=== WHAT TO WORK ON ===
Each line below that contains the word "assumes" is to be counted; give only the final number.

[SOURCE RECORDS Boundary: Start]

lemma open_cell_along_direction:
  assumes p: "p \<in> F" and u: "u \<in> directions F"
    and h: "\<forall>i<n. 0 < orient c i * (w i \<bullet> p - b i) \<or> (w i \<bullet> p = b i \<and> 0 < orient c i * (w i \<bullet> u))"
  shows "\<exists>e>0. p + e *\<^sub>R u \<in> open_cell n w b F c"
proof -
  define J where "J = {i. i < n \<and> 0 < orient c i * (w i \<bullet> p - b i)}"
  define g where "g i = orient c i * (w i \<bullet> p - b i) / (2 * (\<bar>w i \<bullet> u\<bar> + 1))" for i
  define e where "e = Min (insert 1 (g ` J))"
  have "finite J" unfolding J_def by auto
  have gpos: "g i > 0" if "i \<in> J" for i
    using that unfolding g_def J_def by (auto intro!: divide_pos_pos)
  have epos: "e > 0" unfolding e_def using gpos \<open>finite J\<close> by (subst Min_gr_iff) auto
  have ele: "e \<le> g i" if "i \<in> J" for i unfolding e_def using that \<open>finite J\<close> by (intro Min_le) auto
  have "0 < orient c i * (w i \<bullet> (p + e *\<^sub>R u) - b i)" if i: "i < n" for i
  proof (cases "i \<in> J")
    case True
    let ?a = "orient c i * (w i \<bullet> p - b i)" and ?q = "\<bar>w i \<bullet> u\<bar>"
    have apos: "?a > 0" using True unfolding J_def by auto
    have "e \<le> ?a / (2 * (?q + 1))" using ele[OF True] unfolding g_def by simp
    then have "2 * (e * (?q + 1)) \<le> ?a"
      using pos_le_divide_eq[of "2 * (?q + 1)"] by (simp add: algebra_simps)
    moreover have "e * ?q \<le> e * (?q + 1)" using epos by (simp add: mult_left_mono)
    moreover have "\<bar>e * (orient c i * (w i \<bullet> u))\<bar> = e * ?q"
      using orient_cases[of c i] epos by (auto simp: abs_mult)
    moreover have "- (e * (orient c i * (w i \<bullet> u))) \<le> \<bar>e * (orient c i * (w i \<bullet> u))\<bar>"
      by (rule abs_ge_minus_self)
    ultimately show ?thesis using apos epos unfolding orient_inner_add by linarith
  next
    case False
    then show ?thesis using h i epos unfolding J_def orient_inner_add by auto
  qed
  then show ?thesis using epos add_in_directions[OF u p] unfolding open_cell_def by blast
qed

lemma open_cell_Suc_out:
  "c \<subseteq> {..<n} \<Longrightarrow> open_cell (Suc n) w b F c = {x\<in>open_cell n w b F c. w n \<bullet> x < b n}"
  unfolding open_cell_def orient_def by (auto simp: less_Suc_eq)

lemma open_cell_Suc_in:
  "c \<subseteq> {..<n} \<Longrightarrow> open_cell (Suc n) w b F (insert n c) = {x\<in>open_cell n w b F c. b n < w n \<bullet> x}"
  unfolding open_cell_def orient_def by (auto simp: less_Suc_eq)

lemma open_cell_Suc_both_sides:
  assumes F: "affine F" and c: "c \<subseteq> {..<n}" and x: "x \<in> open_cell n w b F c" "w n \<bullet> x = b n"
    and q: "q \<in> F" "w n \<bullet> q \<noteq> b n"
  shows "open_cell (Suc n) w b F c \<noteq> {}" "open_cell (Suc n) w b F (insert n c) \<noteq> {}"
proof -
  have xF: "x \<in> F" and slack: "\<forall>i<n. 0 < orient c i * (w i \<bullet> x - b i)"
    using x unfolding open_cell_def by auto
  obtain e where e: "e > 0" "x + e *\<^sub>R (q - x) \<in> open_cell n w b F c"
    using open_cell_along_direction[OF xF diff_in_directions[OF F xF q(1)]] slack by blast
  obtain e' where e': "e' > 0" "x + e' *\<^sub>R (x - q) \<in> open_cell n w b F c"
    using open_cell_along_direction[OF xF diff_in_directions[OF F q(1) xF]] slack by blast
  have "w n \<bullet> (x + e *\<^sub>R (q - x)) = b n + e * (w n \<bullet> q - b n)"
    "w n \<bullet> (x + e' *\<^sub>R (x - q)) = b n - e' * (w n \<bullet> q - b n)"
    using x(2) by (simp_all add: inner_add_right inner_diff_right algebra_simps)
  then have "(w n \<bullet> (x + e *\<^sub>R (q - x)) < b n \<and> b n < w n \<bullet> (x + e' *\<^sub>R (x - q))) \<or>
      (w n \<bullet> (x + e' *\<^sub>R (x - q)) < b n \<and> b n < w n \<bullet> (x + e *\<^sub>R (q - x)))"
    using e(1) e'(1) q(2) by (cases "w n \<bullet> q < b n") (auto simp: mult_pos_neg)
  then show "open_cell (Suc n) w b F c \<noteq> {}" "open_cell (Suc n) w b F (insert n c) \<noteq> {}"
    using e(2) e'(2) unfolding open_cell_Suc_out[OF c] open_cell_Suc_in[OF c] by blast+
qed

text \<open>Deletion-restriction: each cell of the arrangement without hyperplane n either lies on one
  side of it or is cut by it, and the cut cells correspond to the cells of the arrangement
  induced on hyperplane n.\<close>

definition realized_neg_side ::
    "nat \<Rightarrow> (nat \<Rightarrow> 'a::euclidean_space) \<Rightarrow> (nat \<Rightarrow> real) \<Rightarrow> 'a set \<Rightarrow> nat set set"
  where "realized_neg_side n w b F = {c \<in> realized n w b F. open_cell (Suc n) w b F c \<noteq> {}}"

definition realized_pos_side ::
    "nat \<Rightarrow> (nat \<Rightarrow> 'a::euclidean_space) \<Rightarrow> (nat \<Rightarrow> real) \<Rightarrow> 'a set \<Rightarrow> nat set set"
  where "realized_pos_side n w b F =
    {c \<in> realized n w b F. open_cell (Suc n) w b F (insert n c) \<noteq> {}}"

lemma realized_Suc:
  "realized (Suc n) w b F = realized_neg_side n w b F \<union> insert n ` realized_pos_side n w b F"
proof (intro equalityI subsetI)
  fix c assume "c \<in> realized (Suc n) w b F"
  then obtain x where x: "x \<in> open_cell (Suc n) w b F c" and c: "c \<subseteq> {..<Suc n}"
    unfolding realized_def by auto
  have c': "c - {n} \<subseteq> {..<n}" "x \<in> open_cell n w b F (c - {n})"
    using x c unfolding open_cell_def orient_def by auto
  show "c \<in> realized_neg_side n w b F \<union> insert n ` realized_pos_side n w b F"
  proof (cases "n \<in> c")
    case True
    then have "c = insert n (c - {n})" by auto
    moreover have "c - {n} \<in> realized_pos_side n w b F"
      using x True c' unfolding realized_pos_side_def realized_def by (auto simp: insert_absorb)
    ultimately show ?thesis by blast
  next
    case False
    then show ?thesis using x c' unfolding realized_neg_side_def realized_def by auto
  qed
qed (auto simp: realized_def realized_neg_side_def realized_pos_side_def)

lemma realized_Suc_Un:
  assumes F: "affine F" and q: "q \<in> F" "w n \<bullet> q \<noteq> b n"
  shows "realized_neg_side n w b F \<union> realized_pos_side n w b F = realized n w b F"
proof (intro equalityI subsetI)
  fix c assume c: "c \<in> realized n w b F"
  then obtain x where x: "x \<in> open_cell n w b F c" and cs: "c \<subseteq> {..<n}"
    unfolding realized_def by auto
  have "open_cell (Suc n) w b F c \<noteq> {} \<or> open_cell (Suc n) w b F (insert n c) \<noteq> {}"
  proof (cases "w n \<bullet> x = b n")
    case True
    then show ?thesis using open_cell_Suc_both_sides[OF F cs x True q] by blast
  next
    case False
    then show ?thesis using x
      by (auto simp: open_cell_Suc_out[OF cs] open_cell_Suc_in[OF cs] neq_iff)
  qed
  then show "c \<in> realized_neg_side n w b F \<union> realized_pos_side n w b F"
    using c unfolding realized_neg_side_def realized_pos_side_def by blast
qed (auto simp: realized_neg_side_def realized_pos_side_def)

lemma realized_Suc_Int:
  assumes F: "affine F" and q: "q \<in> F" "w n \<bullet> q \<noteq> b n"
  shows "realized_neg_side n w b F \<inter> realized_pos_side n w b F
    = realized n w b (F \<inter> hyp w b n)"
proof (intro equalityI subsetI)
  fix c assume c: "c \<in> realized_neg_side n w b F \<inter> realized_pos_side n w b F"
  then have cs: "c \<subseteq> {..<n}" unfolding realized_neg_side_def realized_def by auto
  obtain x y where "x \<in> open_cell n w b F c" "w n \<bullet> x < b n"
    "y \<in> open_cell n w b F c" "b n < w n \<bullet> y"
    using c by (auto simp: realized_neg_side_def realized_pos_side_def open_cell_Suc_out[OF cs] open_cell_Suc_in[OF cs])
  moreover have "connected (open_cell n w b F c)"
    using F by (intro convex_connected convex_open_cell affine_imp_convex)
  ultimately obtain z where "z \<in> open_cell n w b F c" "w n \<bullet> z = b n"
    using connected_ivt_hyperplane[of "open_cell n w b F c" x y "w n" "b n"] by auto
  then show "c \<in> realized n w b (F \<inter> hyp w b n)"
    using cs unfolding realized_def hyp_def open_cell_Int_hyperplane by auto
next
  fix c assume c: "c \<in> realized n w b (F \<inter> hyp w b n)"
  then obtain x where x: "x \<in> open_cell n w b F c" "w n \<bullet> x = b n" and cs: "c \<subseteq> {..<n}"
    unfolding realized_def hyp_def open_cell_Int_hyperplane by auto
  then show "c \<in> realized_neg_side n w b F \<inter> realized_pos_side n w b F"
    using open_cell_Suc_both_sides[OF F cs x q]
    unfolding realized_neg_side_def realized_pos_side_def realized_def by auto
qed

[SOURCE RECORDS Boundary: End]

=== RESULT ===
4